World's Most Hawkish Central Bank Set to Join Low Inflation CrewBy
Board says rate has reached a level consistent with CPI target
Mexico hiked rates four times as much as U.S. since late 2015
After a year and a half of the world’s most aggressive interest-rate increases, Mexico’s central bank is poised to join the low inflation crowd.
Banco de Mexico on Thursday signaled that it’s finished with hikes spurred in part by the peso’s record tumble amid rising U.S. rates and misgivings about Donald Trump. In a world of low inflation, Banxico’s 4 percentage points of tightening made previously boring Mexico easily the most active major rate-setting bank. The Federal Reserve raised rates just 1 percentage point over the same period, and developing nations including Brazil, India and Russia cut them.
The statement from Governor Agustin Carstens and his board that accompanied Thursday’s decision turned the futures market upside down. Traders who a day earlier foresaw a quarter-point increase for this week, with a chance for another later this year, eliminated bets for future hikes. They now price in a 90 percent chance for a cut by December, up from just 19 percent a day earlier. The nation’s finance minister also suggested lower rates could be in the cards.

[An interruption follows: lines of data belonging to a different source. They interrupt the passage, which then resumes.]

lemma pi_D: "\<phi> \<in> E \<Longrightarrow> f \<in> X \<Longrightarrow> pi (D \<phi> f) = \<phi> i (pi f)"
proof -
  assume \<phi>: "\<phi> \<in> E" and f: "f \<in> X"
  have "pi (D \<phi> f) = (\<Sum>\<alpha>\<in>incident. \<phi> i (Ma \<alpha> (comp \<alpha> f)))"
    unfolding pi_def D_def using endo_comm[OF \<phi> incident_A X_comp_sink[OF f]] incident_sink_D
    by (intro sum.cong) auto
  also have "\<dots> = \<phi> i (pi f)"
    unfolding pi_def using Ma_into[OF incident_A X_comp_sink[OF f]] incident_sink_D
    by (intro lin_sum[OF Mv_sub[OF i_V] endo_lin[OF \<phi> i_V], symmetric]) force
  finally show ?thesis .
qed

text \<open>Surjectivity of the sum map: otherwise a complement of its image at the sink
  would split off as a direct summand.\<close>
lemma pi_onto: "pi ` X = Mv i"
proof -
  let ?I = "pi ` X"
  have I: "is_subspace ?I" "?I \<subseteq> Mv i" using subspace_image[OF X_sub lin_pi] pi_into by auto
  obtain C where C: "is_subspace C" "C \<subseteq> Mv i" "C \<inter> ?I = {0}" "\<And>w. w \<in> Mv i \<Longrightarrow> \<exists>c\<in>C. \<exists>l\<in>?I. w = c + l"
    by (rule subspace_complementE[OF Mv_sub[OF i_V] I]) (rule that)
  have "C = {0} \<or> (?I = {0} \<and> (\<forall>j\<in>V. j \<noteq> i \<longrightarrow> Mv j = {0}))"
  proof (rule splitting_at_vertex[OF i_V I C(1,2)])
    show "?I \<inter> C = {0}" using C(3) by blast
    show "\<exists>l\<in>?I. \<exists>c\<in>C. m = l + c" if "m \<in> Mv i" for m using C(4)[OF that] by (metis add.commute)
    show "Ma \<alpha> x \<in> (if t \<alpha> = i then ?I else Mv (t \<alpha>))"
      if \<alpha>: "\<alpha> \<in> A" and x: "x \<in> (if s \<alpha> = i then ?I else Mv (s \<alpha>))" for \<alpha> x
    proof -
      have "s \<alpha> \<noteq> i" using sink \<alpha> unfolding is_sink_def by auto
      then have x': "x \<in> Mv (s \<alpha>)" using x by simp
      show ?thesis
      proof (cases "t \<alpha> = i")
        case True
        then have "\<alpha> \<in> incident" using \<alpha> unfolding incident_sink by auto
        then have "Ma \<alpha> x = pi (inj_comp \<alpha> x)" "inj_comp \<alpha> x \<in> X"
          using pi_inj_comp inj_comp_X other_sink x' by auto
        then show ?thesis using True by auto
      qed (use Ma_into[OF \<alpha> x'] in auto)
    qed
    show "Ma \<alpha> x = 0" if "\<alpha> \<in> A" "s \<alpha> = i" "x \<in> C" for \<alpha> x
      using sink that unfolding is_sink_def by auto
  qed
  then have "C = {0}" using not_concentrated[OF i_V] by blast
  then show ?thesis using C(4) I(2) by fastforce
qed

sublocale sink_exact: short_exact X "Mv i" pi E D "\<lambda>\<phi>. \<phi> i"
proof
  show "\<forall>\<phi>\<in>E. D \<phi> ` X \<subseteq> X" using D_X E_off_i_endo by blast
  show "\<forall>\<phi>\<in>E. lin_on (Mv i) (\<phi> i)" using endo_lin i_V by blast
  show "\<forall>\<phi>\<in>E. \<forall>x\<in>X. pi (D \<phi> x) = \<phi> i (pi x)" using pi_D by blast
qed (use X_sub Mv_sub[OF i_V] lin_pi pi_onto in auto)

lemma sink_exact_K: "sink_exact.K = K"
  unfolding sink_exact.K_def K_eq ..

lemma lower_endo_K:
  assumes \<psi>: "\<psi> \<in> E'" and f: "f \<in> K"
  shows "\<psi> i f = D (lower_endo \<psi>) f"
proof -
  have "\<psi> i f \<in> X" "D (lower_endo \<psi>) f \<in> X"
    using E'_D(2)[OF \<psi> i_V] f K_eq D_X[OF off_i_endo_lower_endo[OF \<psi>]] by auto
  then show ?thesis unfolding X_def
  proof (rule arrow_sum_eqI)
    fix \<alpha> assume \<alpha>: "\<alpha> \<in> incident"
    note a = incident_sink_D[OF \<alpha>] and r = rev_incident[OF \<alpha>]
    have "f \<in> sink_space V A s t Mv Ma i (rev_s i s t \<alpha>)" using r a f by simp
    from E'_D(3)[OF \<psi> conjunct1[OF a] this]
    have "\<psi> (s \<alpha>) (emb (comp \<alpha> f)) = emb (comp \<alpha> (\<psi> i f))" using r a by (simp add: sink_map_def)
    then have "comp \<alpha> (\<psi> i f) = lower_endo \<psi> (s \<alpha>) (comp \<alpha> f)" unfolding lower_endo_def by simp
    then show "comp \<alpha> (\<psi> i f) = comp \<alpha> (D (lower_endo \<psi>) f)" using \<alpha> a by (simp add: D_def)
  qed
qed

lemma lift_endo_sink: "\<phi> \<in> E \<Longrightarrow> lift_endo \<phi> (D \<phi>) \<in> E'"
proof (rule lift_endo_in_E')
  assume \<phi>: "\<phi> \<in> E"
  show "lin_on K (D \<phi>)" using lin_on_subset[OF lin_D[OF E_off_i_endo[OF \<phi>]]] K_eq by auto
  show "D \<phi> ` K \<subseteq> K" using sink_exact.inv_subspace_K \<phi> unfolding sink_exact_K inv_subspace_def by blast
  fix \<alpha> x assume \<alpha>: "\<alpha> \<in> incident" and "x \<in> sink_space V A s t Mv Ma i (rev_s i s t \<alpha>)"
  then show "lift_endo \<phi> (D \<phi>) (rev_t i s t \<alpha>) (sink_map V A s t Mv Ma i \<alpha> x)
      = sink_map V A s t Mv Ma i \<alpha> (lift_endo \<phi> (D \<phi>) (rev_s i s t \<alpha>) x)"
    using rev_incident[OF \<alpha>] incident_sink_D[OF \<alpha>] other_ne[OF \<alpha>] \<alpha>
    by (simp add: lift_endo_def sink_map_def D_def)
qed (simp add: lift_endo_def)

lemma lower_endo_sink:
  assumes \<psi>: "\<psi> \<in> E'"
  shows "lower_endo_at \<psi> (quotient_map X pi (D (lower_endo \<psi>))) \<in> E"
proof -
  let ?T = "D (lower_endo \<psi>)" and ?\<Psi> = "quotient_map X pi (D (lower_endo \<psi>))"
  have T: "lin_on X ?T" "?T ` X \<subseteq> X"
    using lin_D[OF off_i_endo_lower_endo[OF \<psi>]] D_X[OF off_i_endo_lower_endo[OF \<psi>]] by blast+
  have ker: "\<forall>x\<in>X. pi x = 0 \<longrightarrow> pi (?T x) = 0"
  proof (intro ballI impI)
    fix x assume "x \<in> X" "pi x = 0"
    then have "x \<in> K" using K_eq by blast
    then have "\<psi> i x \<in> K" "\<psi> i x = ?T x" using E'_D(2)[OF \<psi> i_V] lower_endo_K[OF \<psi>] by auto
    then show "pi (?T x) = 0" using K_eq by auto
  qed
  note q = quotient_map_eq[where T="?T", OF X_sub lin_pi T ker]
    lin_quotient_map[where T="?T", OF X_sub lin_pi T ker] quotient_map_into[where T="?T", OF X_sub lin_pi T ker]
  show ?thesis
  proof (rule lower_endo_at_in_E[OF \<psi>])
    show "lin_on (Mv i) ?\<Psi>" by (rule q(2)[unfolded pi_onto])
    show "?\<Psi> ` Mv i \<subseteq> Mv i" by (rule q(3)[unfolded pi_onto])
    fix \<alpha> x assume \<alpha>: "\<alpha> \<in> incident" and x: "x \<in> Mv (s \<alpha>)"
    note a = incident_sink_D[OF \<alpha>]
    have sa: "s \<alpha> \<in> V" "s \<alpha> \<noteq> i" using other_V[OF \<alpha>] other_ne[OF \<alpha>] a by auto
    have "?\<Psi> (Ma \<alpha> x) = ?\<Psi> (pi (inj_comp \<alpha> x))" using pi_inj_comp[OF \<alpha> x] by simp
    also have "\<dots> = pi (?T (inj_comp \<alpha> x))" using q(1) inj_comp_X[OF \<alpha>] a x by simp
    also have "\<dots> = pi (inj_comp \<alpha> (lower_endo \<psi> (s \<alpha>) x))"
      using D_inj_comp[OF off_i_endo_lower_endo[OF \<psi>] \<alpha>] x a by simp
    also have "\<dots> = Ma \<alpha> (lower_endo \<psi> (s \<alpha>) x)"
      by (rule pi_inj_comp[OF \<alpha> lower_endo_emb(2)[OF \<psi> sa x]])
    finally show "lower_endo_at \<psi> ?\<Psi> (t \<alpha>) (Ma \<alpha> x) = Ma \<alpha> (lower_endo_at \<psi> ?\<Psi> (s \<alpha>) x)"
      using a sa unfolding lower_endo_at_def by simp
  qed
qed
(* Let $C>0$ and $\delta>0$, let $f \in C((0,\infty);(0,\infty))$ be asymptotically increasing with $\lim_{x\to\infty} f(x)/x = \infty$, and let $\psi \in C([-\delta,0];(0,\infty))$. Consider \[ z'(t) = C\int_{t-\delta}^t f(z(s))\,ds, \quad t\ge 0; \qquad z(t)=\psi(t), \quad t\in[-\delta,0]. \] If the solution satisfies $z \in C([-\delta,\infty);(0,\infty))$ and $\bar F(x) = \int_0^x f(s)\,ds$ for $x>0$, then \[ \lim_{t\to\infty} \frac{\bar F(z(t-\delta))}{\bar F(z(t))} = 0. \]
   Context: "$f$ is asymptotically increasing" means that there is a continuous increasing function $\phi:(0,\infty)\to(0,\infty)$ with $f(x)/\phi(x)\to 1$ as $x\to\infty$. *)

theory Defs
  imports "HOL-Analysis.Analysis"
begin

definition asymp_increasing :: "(real \<Rightarrow> real) \<Rightarrow> bool" where
  "asymp_increasing f \<longleftrightarrow>
     (\<exists>\<phi>::real \<Rightarrow> real. continuous_on {0<..} \<phi> \<and> (\<forall>x>0. \<phi> x > 0) \<and>
        strict_mono_on {0<..} \<phi> \<and> ((\<lambda>x. f x / \<phi> x) \<longlongrightarrow> 1) at_top)"

end

(* Since f(z) > 0, the solution z is nondecreasing on [0, \<infinity>); f is bounded below by a positive
   constant on [z(0), \<infinity>), so z' is eventually bounded below and z \<rightarrow> \<infinity>.  Superlinearity of f then
   gives, for every M, z' \<ge> C (\<delta>/2) M z(t - \<delta>) on [t - \<delta>/2, t] for large t, because the delay window
   of such points contains [t - \<delta>, t - \<delta>/2]; hence z(t) / z(t - \<delta>) \<rightarrow> \<infinity>.  Finally, if f is
   asymptotic to an increasing \<phi>, then Fbar(a) = O(a \<phi>(a)) while Fbar(b) \<ge> (b - a) \<phi>(a) / 2, so
   Fbar(a) / Fbar(b) is small as soon as a is large and b / a is large.  The initial datum \<psi>
   enters only through the positivity of z. *)

theory Submission
  imports Defs
begin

"In our assessment, there is a significant probability that’s today’s 25 basis-point hike marked the end of the long hiking cycle," Alberto Ramos, Goldman Sachs Group Inc.’s chief Latin America economist, wrote in a research note to clients.
And why shouldn’t it? The peso has rallied 19 percent, the best performance in the world, since Trump’s inauguration on Jan. 20. While time and again Carstens has said that the central bank doesn’t target a specific level for the currency but was instead focused on mid and long-term inflation expectations, the peso’s rebound gave them breathing room by reducing pass-through concerns.

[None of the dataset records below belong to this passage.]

definition in_U ::
  "('s::finite \<Rightarrow> 'act set) \<Rightarrow> ('s \<Rightarrow> nat) \<Rightarrow> ('s \<Rightarrow> nat \<Rightarrow> 'act \<times> 's \<Rightarrow> real) \<Rightarrow> ('s \<Rightarrow> nat \<Rightarrow> real)
   \<Rightarrow> ('s \<Rightarrow> nat) \<Rightarrow> ('s \<Rightarrow> 'act \<times> 's \<Rightarrow> nat \<Rightarrow> real) \<Rightarrow> ('s \<Rightarrow> nat \<Rightarrow> real)
   \<Rightarrow> ('s \<Rightarrow> 'act \<times> 's \<Rightarrow> real) \<Rightarrow> ('s \<Rightarrow> real) \<Rightarrow> ('s \<Rightarrow> 'act \<Rightarrow> 's \<Rightarrow> real) \<Rightarrow> bool" where
  "in_U A lp B b lsc M m x y u \<longleftrightarrow>
     (\<forall>s. (\<forall>i<lp s. lin A s (B s i) (\<lambda>(a,s'). u s a s') - b s i \<le> 0) \<and>
          sqrt (\<Sum>j<lsc s. (lin A s (\<lambda>p. M s p j) (\<lambda>(a,s'). u s a s') + m s j)\<^sup>2)
            \<le> lin A s (x s) (\<lambda>(a,s'). u s a s') + y s)"

text \<open>P_f(u) (with u = 0 this is \<open>P\<close>-bar_f).\<close>
definition Pf :: "('s::finite \<Rightarrow> 'act set) \<Rightarrow> ('s \<Rightarrow> 'act \<Rightarrow> real) \<Rightarrow> ('s \<Rightarrow> 'act \<Rightarrow> 's \<Rightarrow> real)
    \<Rightarrow> ('s \<Rightarrow> 'act \<Rightarrow> 's \<Rightarrow> real) \<Rightarrow> real^'s^'s" where
  "Pf A f pbar u = (\<chi> s s'. \<Sum>a\<in>A s. f s a * (pbar s a s' + u s a s'))"

definition cf :: "('s::finite \<Rightarrow> 'act set) \<Rightarrow> ('s \<Rightarrow> 'act \<Rightarrow> real) \<Rightarrow> ('s \<Rightarrow> 'act \<Rightarrow> real) \<Rightarrow> real^'s" where
  "cf A f c = (\<chi> s. \<Sum>a\<in>A s. f s a * c s a)"

definition objI :: "('s::finite \<Rightarrow> 'act set) \<Rightarrow> real \<Rightarrow> real^'s \<Rightarrow> ('s \<Rightarrow> 'act \<Rightarrow> real) \<Rightarrow> ('s \<Rightarrow> 'act \<Rightarrow> 's \<Rightarrow> real)
    \<Rightarrow> ('s \<Rightarrow> 'act \<Rightarrow> real) \<Rightarrow> ('s \<Rightarrow> 'act \<Rightarrow> 's \<Rightarrow> real) \<Rightarrow> real" where
  "objI A \<alpha> \<gamma> f pbar c u = (1 - \<alpha>) * (\<gamma> \<bullet> (matrix_inv (mat 1 - \<alpha> *\<^sub>R Pf A f pbar u) *v cf A f c))"

definition feasII ::
  "('s::finite \<Rightarrow> 'act set) \<Rightarrow> real \<Rightarrow> real^'s \<Rightarrow> ('s \<Rightarrow> 'act \<Rightarrow> real) \<Rightarrow> ('s \<Rightarrow> 'act \<Rightarrow> 's \<Rightarrow> real)
   \<Rightarrow> ('s \<Rightarrow> nat) \<Rightarrow> ('s \<Rightarrow> nat \<Rightarrow> 'act \<times> 's \<Rightarrow> real) \<Rightarrow> ('s \<Rightarrow> nat \<Rightarrow> real)
   \<Rightarrow> ('s \<Rightarrow> nat) \<Rightarrow> ('s \<Rightarrow> 'act \<times> 's \<Rightarrow> nat \<Rightarrow> real) \<Rightarrow> ('s \<Rightarrow> nat \<Rightarrow> real)
   \<Rightarrow> ('s \<Rightarrow> 'act \<times> 's \<Rightarrow> real) \<Rightarrow> ('s \<Rightarrow> real)
   \<Rightarrow> real^'s \<Rightarrow> ('s \<Rightarrow> 'act \<Rightarrow> 's \<Rightarrow> real) \<Rightarrow> bool" where
  "feasII A \<alpha> \<gamma> f pbar lp B b lsc M m x y w z \<longleftrightarrow>
     (\<forall>s. (\<forall>i<lp s. lin A s (B s i) (\<lambda>(a,s'). z s a s') - b s i * w $ s \<le> 0) \<and>
          sqrt (\<Sum>j<lsc s. (lin A s (\<lambda>p. M s p j) (\<lambda>(a,s'). z s a s') + m s j * w $ s)\<^sup>2)
            \<le> lin A s (x s) (\<lambda>(a,s'). z s a s') + y s * w $ s) \<and>
     (\<forall>s. w $ s \<ge> (1 - \<alpha>) * \<gamma> $ s) \<and>
     (\<forall>s'. w $ s' - \<alpha> * (\<Sum>s\<in>UNIV. w $ s * Pf A f pbar (\<lambda>_ _ _. 0) $ s $ s')
            - \<alpha> * (\<Sum>s\<in>UNIV. \<Sum>a\<in>A s. f s a * z s a s') = (1 - \<alpha>) * \<gamma> $ s')"

definition objII :: "('s::finite \<Rightarrow> 'act set) \<Rightarrow> ('s \<Rightarrow> 'act \<Rightarrow> real) \<Rightarrow> ('s \<Rightarrow> 'act \<Rightarrow> real) \<Rightarrow> real^'s \<Rightarrow> real" where
  "objII A f c w = w \<bullet> cf A f c"

end

theory Submission
  imports Defs
begin

text \<open>For a fixed \<open>u\<close> the matrix \<open>P_f(u)\<close> is stochastic, so \<open>I - \<alpha> P_f(u)\<close> is invertible
  and, by a discrete maximum principle, its inverse is entrywise nonnegative. The objective of (I)
  is therefore \<open>w\<^sup>T c_f\<close> for the discounted occupation vector \<open>w\<^sup>T = (1-\<alpha>) \<gamma>\<^sup>T (I - \<alpha> P_f(u))\<^sup>-\<^sup>1\<close>,
  the unique solution of \<open>w\<^sup>T (I - \<alpha> P_f(u)) = (1-\<alpha>) \<gamma>\<^sup>T\<close>, and \<open>w = (1-\<alpha>) \<gamma> + \<alpha> P_f(u)\<^sup>T w \<ge> (1-\<alpha>) \<gamma> > 0\<close>.
  The substitution \<open>z(s'|s,a) = w(s) u(s'|s,a)\<close> then matches the feasible points of (I) and (II):
  the polyhedral and conic constraints defining U are positively homogeneous, so multiplying them
  by \<open>w(s) > 0\<close> gives those of (II), and since \<open>P_f(u)\<close> is the nominal matrix plus a term linear
  in \<open>u\<close>, the linear equality of (II) is exactly the occupation equation.\<close>

lemma vector_matrix_mult_discount_component:
  fixes P :: "real^'n::finite^'n"
  shows "(w v* (mat 1 - \<alpha> *\<^sub>R P)) $ t = w $ t - \<alpha> * (\<Sum>s\<in>UNIV. w $ s * P $ s $ t)"
  unfolding vector_matrix_mult_diff_rdistrib vector_matrix_mul_rid vector_scaleR_matrix_ac
  by (simp add: vector_matrix_mult_def mult.commute)

lemma matrix_vector_mult_discount_component:
  fixes P :: "real^'n::finite^'n"
  shows "((mat 1 - \<alpha> *\<^sub>R P) *v v) $ s = v $ s - \<alpha> * (\<Sum>t\<in>UNIV. P $ s $ t * v $ t)"
  by (simp add: matrix_vector_mult_diff_rdistrib flip: scaleR_matrix_vector_assoc)
     (simp add: matrix_vector_mult_def)

lemma matrix_inv_inverse:
  assumes "invertible A"
  shows "A ** matrix_inv A = mat 1" and "matrix_inv A ** A = mat 1"
  using someI_ex[OF assms[unfolded invertible_def]] unfolding matrix_inv_def by auto

lemma vector_matrix_eq_iff_matrix_inv:
  assumes "invertible A"
  shows "x v* A = y \<longleftrightarrow> x = y v* matrix_inv A"
  by (metis assms matrix_inv_inverse vector_matrix_mul_assoc vector_matrix_mul_rid)

definition substochastic :: "real^'n::finite^'n \<Rightarrow> bool" where
  "substochastic P \<longleftrightarrow> (\<forall>i j. 0 \<le> P $ i $ j) \<and> (\<forall>i. (\<Sum>j\<in>UNIV. P $ i $ j) \<le> 1)"

text \<open>Discrete maximum principle: if a minimal entry \<open>v\<^sub>k\<close> were negative, substochasticity
  would give \<open>v\<^sub>k \<ge> \<alpha> \<Sum>\<^sub>j P\<^sub>k\<^sub>j v\<^sub>j \<ge> \<alpha> v\<^sub>k\<close>, impossible for \<open>\<alpha> < 1\<close>.\<close>
lemma substochastic_discount_nonneg:
  fixes P :: "real^'n::finite^'n"
  assumes P: "substochastic P" and \<alpha>: "0 \<le> \<alpha>" "\<alpha> < 1"
    and nonneg: "\<And>s. 0 \<le> ((mat 1 - \<alpha> *\<^sub>R P) *v v) $ s"
  shows "0 \<le> v $ i"
proof (rule ccontr)
  define k where "k = arg_min_on (($) v) UNIV"
  have k_min: "v $ k \<le> v $ j" for j
    unfolding k_def by (rule arg_min_least) simp_all
  assume "\<not> 0 \<le> v $ i"
  with k_min have neg: "v $ k < 0" by (meson not_le order_le_less_trans)
  have "v $ k \<le> v $ k * (\<Sum>j\<in>UNIV. P $ k $ j)"
    using P neg unfolding substochastic_def by (simp add: mult_le_cancel_left1)
  also have "\<dots> \<le> (\<Sum>j\<in>UNIV. P $ k $ j * v $ j)"
    unfolding sum_distrib_left
    using P k_min by (intro sum_mono) (simp add: substochastic_def mult.commute mult_right_mono)
  finally have "\<alpha> * v $ k \<le> \<alpha> * (\<Sum>j\<in>UNIV. P $ k $ j * v $ j)"
    using \<alpha> by (simp add: mult_left_mono)
  also have "\<dots> \<le> v $ k"
    using nonneg[of k] by (simp add: matrix_vector_mult_discount_component)
  finally have "0 \<le> (1 - \<alpha>) * v $ k" by (simp add: algebra_simps)
  with mult_pos_neg[of "1 - \<alpha>" "v $ k"] neg \<alpha> show False by linarith
qed

lemma invertible_discount:
  fixes P :: "real^'n::finite^'n"
  assumes "substochastic P" "0 \<le> \<alpha>" "\<alpha> < 1"
  shows "invertible (mat 1 - \<alpha> *\<^sub>R P)"
  unfolding invertible_left_inverse matrix_left_invertible_ker
proof (intro allI impI)
  fix v assume kernel: "(mat 1 - \<alpha> *\<^sub>R P) *v v = 0"
  then have "(mat 1 - \<alpha> *\<^sub>R P) *v (- v) = 0"
    using matrix_vector_mult_diff_distrib[of "mat 1 - \<alpha> *\<^sub>R P" 0 v] by simp
  with kernel have "0 \<le> v $ i" "0 \<le> (- v) $ i" for i
    by (metis substochastic_discount_nonneg[OF assms] order_refl zero_index)+
  then show "v = 0" by (simp add: vec_eq_iff eq_iff)
qed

Read more: Mexico Country Primer - Bloomberg Intelligence Research
At the same time, Mexico’s five-year breakeven rate, a bond market proxy for inflation expectations, has fallen to 3.65 percent, down from 4.07 percent in mid-May and an ultimate peak of 5.05 percent the day Trump took office. The central bank targets inflation of 3 percent, give or take a percentage point. For their part, economists expect inflation to slow to 3.8 percent next year, down from 6.3 percent in early June, according to the median analyst forecast in a Citibanamex survey published this week.
In its statement Thursday, the central bank board took the long view, talking about the collective effect of 10 separate interest-rate increases since December 2015. One member of the board even voted to leave rates on hold, the first split decision since July 2015, before the current series of rate increases began. Perhaps the most telling sentence, coming second to last and perhaps serving as a coda on this monetary policy cycle, stretched to almost 100 words.
"The board considers that with the increase announced today, and taking into account the transitory nature of the shocks that have impacted the inflation figures, the information with which it currently counts, the time horizon in which the transmission channels of monetary policy fully operate, as well as forecasts for the economy, the level reached in the reference rate is congruent with the process of efficient convergence of inflation to the 3 percent objective."
For Sergio Luna, the chief economist at Citibanamex, the passage illuminated the path for future rate decisions.
"From our perspective, the first message is very clear," he said. "The increase today is the last."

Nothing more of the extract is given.